### Problem details
The answer must be a single number: the count of lines in the data below that hold the word "shows".

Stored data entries
(* For every real $M\ge1$, $$\mathrm{supp}(F_M)\subseteq\{x\in\mathbb{R}^2:|qx-r|\le|q|^{-\tau}\text{ for some }(q,r)\in\mathbb{Z}^2(M)\times\mathbb{Z}^2\}.$$ Moreover, for any sequence $(M_k)_{k\ge1}$ of real numbers $M_k\ge1$ with $M_k\le M_{k+1}/2$ for all $k\in\mathbb{N}$, $$\bigcap_{k=1}^\infty\mathrm{supp}(F_{M_k})\subseteq E_\ast(\tau).$$
   Context: Identify $\mathbb{R}^2$ with $\mathbb{C}$ (products $qx$ are complex multiplication, $\mathbb{Z}^2$ is the Gaussian integers); $|x|=\max(|x_1|,|x_2|)$. Let $\tau\in\mathbb{R}$, $\tau\neq-1$, $a=2/(1+\tau)$, and fix a positive integer $K>2+a$. Fix a non-negative $C^K$ function $\phi$ on $\mathbb{R}^2$ with $\int\phi=1$ and $\mathrm{supp}(\phi)\subseteq[-1,1]^2$. For $\varepsilon>0$ let $\phi^\varepsilon(x)=\varepsilon^{-2}\phi(x/\varepsilon)$, $\Phi^\varepsilon(x)=\sum_{r\in\mathbb{Z}^2}\phi^\varepsilon(x-r)$, $\Phi^\varepsilon_q(x)=\Phi^\varepsilon(qx)$. For $M>0$ let $\mathbb{Z}^2(M)=\{q\in\mathbb{Z}^2:M/2<|q|\le M\}$, $\varepsilon(M)=\tfrac12M^{-\tau}$, and $F_M=\frac{1}{|\mathbb{Z}^2(M)|}\sum_{q\in\mathbb{Z}^2(M)}\Phi^{\varepsilon(M)}_q$. Define $$E_\ast(\tau)=\{x\in\mathbb{R}^2:|qx-r|\le|q|^{-\tau}\text{ for infinitely many }(q,r)\in\mathbb{Z}^2\times\mathbb{Z}^2,\ q\neq0\}.$$ *)

theory Defs
  imports "HOL-Analysis.Analysis"
begin

text \<open>R^2 is identified with the complex plane; Z^2 with the Gaussian integers.\<close>

definition ninf :: "complex \<Rightarrow> real" where
  "ninf x = max \<bar>Re x\<bar> \<bar>Im x\<bar>"

definition gauss :: "complex set" where
  "gauss = {z. Re z \<in> \<int> \<and> Im z \<in> \<int>}"

fun Ck :: "nat \<Rightarrow> (complex \<Rightarrow> real) \<Rightarrow> bool" where
  "Ck 0 f = continuous_on UNIV f"
| "Ck (Suc k) f = (\<exists>D1 D2. (\<forall>x. (f has_derivative (\<lambda>h. Re h * D1 x + Im h * D2 x)) (at x))
                        \<and> Ck k D1 \<and> Ck k D2)"

definition supp :: "(complex \<Rightarrow> real) \<Rightarrow> complex set" where
  "supp f = closure {x. f x \<noteq> 0}"

definition phi_eps :: "(complex \<Rightarrow> real) \<Rightarrow> real \<Rightarrow> complex \<Rightarrow> real" where
  "phi_eps \<phi> \<epsilon> x = \<phi> (x / complex_of_real \<epsilon>) / \<epsilon>\<^sup>2"

definition Phi_eps :: "(complex \<Rightarrow> real) \<Rightarrow> real \<Rightarrow> complex \<Rightarrow> real" where
  "Phi_eps \<phi> \<epsilon> x = (\<Sum>\<^sub>\<infinity>r\<in>gauss. phi_eps \<phi> \<epsilon> (x - r))"

definition ZM :: "real \<Rightarrow> complex set" where
  "ZM M = {q \<in> gauss. M / 2 < ninf q \<and> ninf q \<le> M}"

definition eps :: "real \<Rightarrow> real \<Rightarrow> real" where
  "eps \<tau> M = (1/2) * M powr (-\<tau>)"

definition F :: "(complex \<Rightarrow> real) \<Rightarrow> real \<Rightarrow> real \<Rightarrow> complex \<Rightarrow> real" where
  "F \<phi> \<tau> M x = (\<Sum>q\<in>ZM M. Phi_eps \<phi> (eps \<tau> M) (q * x)) / real (card (ZM M))"

definition E_star :: "real \<Rightarrow> complex set" where
  "E_star \<tau> = {x. infinite {(q, r). q \<in> gauss \<and> q \<noteq> 0 \<and> r \<in> gauss \<and>
                               ninf (q * x - r) \<le> ninf q powr (-\<tau>)}}"

end

theory Submission
  imports Defs
begin

text \<open>The summand \<open>\<Phi>\<^sup>\<epsilon>(qx)\<close> of \<open>F\<^sub>M\<close> vanishes unless \<open>|qx - r| \<le> \<epsilon>\<close> for some Gaussian integer \<open>r\<close>, and
  for \<open>q \<in> \<int>\<^sup>2(M)\<close> with \<open>\<tau> > 0\<close> one has \<open>\<epsilon>(M) \<le> M\<^sup>-\<^sup>\<tau> \<le> |q|\<^sup>-\<^sup>\<tau>\<close>; the target set is a finite union of
  closed sets, so it contains the closure of the nonzero set. For \<open>\<tau> \<le> 0\<close> the target set is
  everything, by rounding. If the scales \<open>M\<^sub>k\<close> at least double, the shells \<open>\<int>\<^sup>2(M\<^sub>k)\<close> are pairwise
  disjoint, so a point in every support has infinitely many distinct good denominators.\<close>

definition approx_set :: "real \<Rightarrow> complex set \<Rightarrow> complex set" where
  "approx_set \<tau> Q = {x. \<exists>q\<in>Q. \<exists>r\<in>gauss. ninf (q * x - r) \<le> ninf q powr (-\<tau>)}"

lemma ex_gauss_ninf_le_iff:
  "(\<exists>r\<in>gauss. ninf (y - r) \<le> c) \<longleftrightarrow> infdist (Re y) \<int> \<le> c \<and> infdist (Im y) \<int> \<le> c"
proof
  assume "\<exists>r\<in>gauss. ninf (y - r) \<le> c"
  then obtain r where r: "r \<in> gauss" "ninf (y - r) \<le> c" by blast
  have "infdist (Re y) \<int> \<le> dist (Re y) (Re r)" "infdist (Im y) \<int> \<le> dist (Im y) (Im r)"
    using r(1) by (auto intro: infdist_le simp: gauss_def)
  with r(2) show "infdist (Re y) \<int> \<le> c \<and> infdist (Im y) \<int> \<le> c"
    by (auto simp: ninf_def dist_real_def)
next
  assume c: "infdist (Re y) \<int> \<le> c \<and> infdist (Im y) \<int> \<le> c"
  have "(\<int>::real set) \<noteq> {}" by auto
  then obtain a b where "a \<in> \<int>" "infdist (Re y) \<int> = dist (Re y) a"
                    and "b \<in> \<int>" "infdist (Im y) \<int> = dist (Im y) b"
    using infdist_attains_inf[OF closed_Ints] by metis
  with c have "Complex a b \<in> gauss" "ninf (y - Complex a b) \<le> c"
    by (simp_all add: gauss_def ninf_def dist_real_def)
  then show "\<exists>r\<in>gauss. ninf (y - r) \<le> c" by blast
qed

lemma closed_approx_set:
  assumes "finite Q"
  shows "closed (approx_set \<tau> Q)"
proof -
  have "approx_set \<tau> Q = (\<Union>q\<in>Q. {x. infdist (Re (q * x)) \<int> \<le> ninf q powr (-\<tau>)}
                              \<inter> {x. infdist (Im (q * x)) \<int> \<le> ninf q powr (-\<tau>)})"
    by (auto simp: approx_set_def ex_gauss_ninf_le_iff)
  also have "closed \<dots>"
    using assms
    by (intro closed_UN ballI closed_Int closed_Collect_le continuous_on_infdist continuous_intros)
  finally show ?thesis .
qed

lemma finite_ZM: "finite (ZM M)"
proof (rule finite_subset)
  let ?box = "{-\<lceil>M\<rceil>..\<lceil>M\<rceil>}"
  show "ZM M \<subseteq> (\<lambda>(a, b). Complex (of_int a) (of_int b)) ` (?box \<times> ?box)"
  proof
    fix q assume q: "q \<in> ZM M"
    then obtain a b where ab: "Re q = of_int a" "Im q = of_int b"
      by (auto simp: ZM_def gauss_def elim!: Ints_cases)
    have "\<bar>Re q\<bar> \<le> M" "\<bar>Im q\<bar> \<le> M"
      using q by (auto simp: ZM_def ninf_def)
    with ab have "a \<in> ?box" "b \<in> ?box"
      by (auto simp: abs_le_iff) linarith+
    moreover have "q = Complex (of_int a) (of_int b)"
      using ab by (simp add: complex_eq_iff)
    ultimately show "q \<in> (\<lambda>(a, b). Complex (of_int a) (of_int b)) ` (?box \<times> ?box)"
      by force
  qed
qed simp

lemma ninf_divide_of_real: "e > 0 \<Longrightarrow> ninf (z / complex_of_real e) = ninf z / e"
  by (simp add: ninf_def Re_divide_of_real Im_divide_of_real max_divide_distrib_right)

lemma ninf_gauss_ge_1:
  assumes "q \<in> gauss" "q \<noteq> 0"
  shows "ninf q \<ge> 1"
proof -
  obtain a b where "Re q = of_int a" "Im q = of_int b"
    using assms(1) by (auto simp: gauss_def elim!: Ints_cases)
  moreover from this assms(2) have "a \<noteq> 0 \<or> b \<noteq> 0"
    by (auto simp: complex_eq_iff)
  ultimately show ?thesis
    by (auto simp: ninf_def max_def)
qed

lemma ex_gauss_ninf_le_half: "\<exists>r\<in>gauss. ninf (y - r) \<le> 1/2"
proof
  let ?r = "Complex (of_int (round (Re y))) (of_int (round (Im y)))"
  show "?r \<in> gauss" by (simp add: gauss_def)
  show "ninf (y - ?r) \<le> 1/2"
    using of_int_round_abs_le[of "Re y"] of_int_round_abs_le[of "Im y"]
    by (simp add: ninf_def abs_minus_commute)
qed

lemma near_gauss_if_Phi_eps_nonzero:
  assumes supp: "supp \<phi> \<subseteq> {x. ninf x \<le> 1}" and "\<epsilon> > 0" and "Phi_eps \<phi> \<epsilon> y \<noteq> 0"
  shows "\<exists>r\<in>gauss. ninf (y - r) \<le> \<epsilon>"
proof -
  obtain r where r: "r \<in> gauss" "phi_eps \<phi> \<epsilon> (y - r) \<noteq> 0"
    using assms(3) unfolding Phi_eps_def by (meson infsum_0)
  then have "(y - r) / complex_of_real \<epsilon> \<in> supp \<phi>"
    unfolding supp_def phi_eps_def using closure_subset by fastforce
  with supp \<open>\<epsilon> > 0\<close> have "ninf (y - r) \<le> \<epsilon>"
    by (auto simp: ninf_divide_of_real)
  with r(1) show ?thesis by blast
qed

lemma approx_set_ZM_eq_UNIV:
  assumes "\<tau> \<le> 0" "M \<ge> 1"
  shows "approx_set \<tau> (ZM M) = UNIV"
proof -
  define q where "q = complex_of_int \<lfloor>M\<rfloor>"
  have "1 \<le> \<lfloor>M\<rfloor>"
    using assms(2) by (simp add: le_floor_iff)
  then have "M / 2 < of_int \<lfloor>M\<rfloor>"
    using real_of_int_floor_gt_diff_one[of M] by linarith
  with assms(2) have q: "q \<in> ZM M" "q \<noteq> 0"
    by (auto simp: q_def ZM_def gauss_def ninf_def)
  then have "ninf q powr (-\<tau>) \<ge> 1"
    using assms(1) ninf_gauss_ge_1 by (intro ge_one_powr_ge_zero) (auto simp: ZM_def)
  then have "x \<in> approx_set \<tau> (ZM M)" for x
    using q(1) ex_gauss_ninf_le_half[of "q * x"] by (force simp: approx_set_def)
  then show ?thesis by blast
qed

lemma supp_F_subset_approx_set:
  assumes supp: "supp \<phi> \<subseteq> {x. ninf x \<le> 1}" and M: "M \<ge> 1"
  shows "supp (F \<phi> \<tau> M) \<subseteq> approx_set \<tau> (ZM M)"
proof (cases "\<tau> > 0")
  case False
  then show ?thesis using approx_set_ZM_eq_UNIV M by simp
next
  case True
  have eps: "eps \<tau> M > 0" using M by (simp add: eps_def)
  have "x \<in> approx_set \<tau> (ZM M)" if "F \<phi> \<tau> M x \<noteq> 0" for x
  proof -
    have "(\<Sum>q\<in>ZM M. Phi_eps \<phi> (eps \<tau> M) (q * x)) \<noteq> 0"
      using \<open>F \<phi> \<tau> M x \<noteq> 0\<close> by (auto simp: F_def)
    then obtain q where q: "q \<in> ZM M" "Phi_eps \<phi> (eps \<tau> M) (q * x) \<noteq> 0"
      by (meson sum.neutral)
    then obtain r where r: "r \<in> gauss" "ninf (q * x - r) \<le> eps \<tau> M"
      using near_gauss_if_Phi_eps_nonzero[OF supp eps] by blast
    have "0 < ninf q" "ninf q \<le> M" using q(1) M by (auto simp: ZM_def)
    have "eps \<tau> M \<le> M powr (-\<tau>)"
      by (simp add: eps_def)
    also have "\<dots> \<le> ninf q powr (-\<tau>)"
      using True \<open>0 < ninf q\<close> \<open>ninf q \<le> M\<close> by (intro powr_mono2') auto
    finally have "eps \<tau> M \<le> ninf q powr (-\<tau>)" .
    with q(1) r show ?thesis by (force simp: approx_set_def)
  qed
  then show ?thesis
    unfolding supp_def by (intro closure_minimal closed_approx_set finite_ZM subsetI) simp
qed

lemma ninf_less_if_ZM_lacunary:
  assumes "M \<le> M' / 2" "q \<in> ZM M" "q' \<in> ZM M'"
  shows "ninf q < ninf q'"
  using assms by (auto simp: ZM_def)

lemma E_star_if_approx_at_lacunary_scales:
  assumes lac: "\<forall>k\<ge>1. Ms k \<ge> 1 \<and> Ms k \<le> Ms (Suc k) / 2"
    and x: "\<And>k. k \<ge> 1 \<Longrightarrow> x \<in> approx_set \<tau> (ZM (Ms k))"
  shows "x \<in> E_star \<tau>"
proof -
  have "\<forall>k\<in>{1..}. \<exists>q\<in>ZM (Ms k). \<exists>r\<in>gauss. ninf (q * x - r) \<le> ninf q powr (-\<tau>)"
    using x by (simp add: approx_set_def)
  then obtain q r where qr: "\<And>k. k \<ge> 1 \<Longrightarrow> q k \<in> ZM (Ms k) \<and> r k \<in> gauss \<and>
                          ninf (q k * x - r k) \<le> ninf (q k) powr (-\<tau>)"
    by (metis atLeast_iff)
  have mono: "Ms k \<le> Ms j" if "1 \<le> k" "k \<le> j" for k j
    using that(2)
  proof (induction j rule: dec_induct)
    case (step j)
    then show ?case using lac[rule_format, of j] that(1) by simp
  qed simp
  have "ninf (q k) < ninf (q j)" if "1 \<le> k" "k < j" for k j
  proof (rule ninf_less_if_ZM_lacunary)
    have "1 \<le> k" "k \<le> j - 1" "Suc (j - 1) = j"
      using that by auto
    then show "Ms k \<le> Ms j / 2"
      using mono[of k "j - 1"] lac[rule_format, of "j - 1"] by (metis order.trans)
  qed (use qr that in auto)
  then have "inj_on q {1..}"
    by (metis atLeast_iff inj_onI less_irrefl linorder_neqE_nat)
  then have "infinite ((\<lambda>k. (q k, r k)) ` {1..})"
    by (auto simp: finite_image_iff infinite_Ici inj_on_def)
  moreover have "(\<lambda>k. (q k, r k)) ` {1..} \<subseteq> {(q, r). q \<in> gauss \<and> q \<noteq> 0 \<and> r \<in> gauss \<and>
                                           ninf (q * x - r) \<le> ninf q powr (-\<tau>)}"
    using qr lac by (force simp: ZM_def ninf_def)
  ultimately show ?thesis
    unfolding E_star_def using finite_subset by blast
qed

theorem lemma4:
  fixes \<tau> :: real and K :: nat and \<phi> :: "complex \<Rightarrow> real"
  assumes "\<tau> \<noteq> -1"
    and "real K > 2 + 2 / (1 + \<tau>)"
    and "K > 0"
    and "\<forall>x. \<phi> x \<ge> 0"
    and "Ck K \<phi>"
    and "(\<phi> has_integral 1) UNIV"
    and "supp \<phi> \<subseteq> {x. ninf x \<le> 1}"
  shows "(\<forall>M::real. M \<ge> 1 \<longrightarrow>
           supp (F \<phi> \<tau> M) \<subseteq>
             {x. \<exists>q\<in>ZM M. \<exists>r\<in>gauss. ninf (q * x - r) \<le> ninf q powr (-\<tau>)})
       \<and> (\<forall>Ms :: nat \<Rightarrow> real. (\<forall>k\<ge>1. Ms k \<ge> 1 \<and> Ms k \<le> Ms (Suc k) / 2) \<longrightarrow>
           (\<Inter>k\<in>{1..}. supp (F \<phi> \<tau> (Ms k))) \<subseteq> E_star \<tau>)"
proof (intro conjI allI impI)
  fix M :: real
  assume "M \<ge> 1"
  then show "supp (F \<phi> \<tau> M) \<subseteq>
      {x. \<exists>q\<in>ZM M. \<exists>r\<in>gauss. ninf (q * x - r) \<le> ninf q powr (-\<tau>)}"
    using supp_F_subset_approx_set[OF assms(7)] by (simp add: approx_set_def)
next
  fix Ms :: "nat \<Rightarrow> real"
  assume lac: "\<forall>k\<ge>1. Ms k \<ge> 1 \<and> Ms k \<le> Ms (Suc k) / 2"
  show "(\<Inter>k\<in>{1..}. supp (F \<phi> \<tau> (Ms k))) \<subseteq> E_star \<tau>"
  proof
    fix x
    assume "x \<in> (\<Inter>k\<in>{1..}. supp (F \<phi> \<tau> (Ms k)))"
    then have "x \<in> approx_set \<tau> (ZM (Ms k))" if "k \<ge> 1" for k
      using supp_F_subset_approx_set[OF assms(7)] lac that by blast
    with lac show "x \<in> E_star \<tau>"
      by (rule E_star_if_approx_at_lacunary_scales)
  qed
qed

end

### Your response
8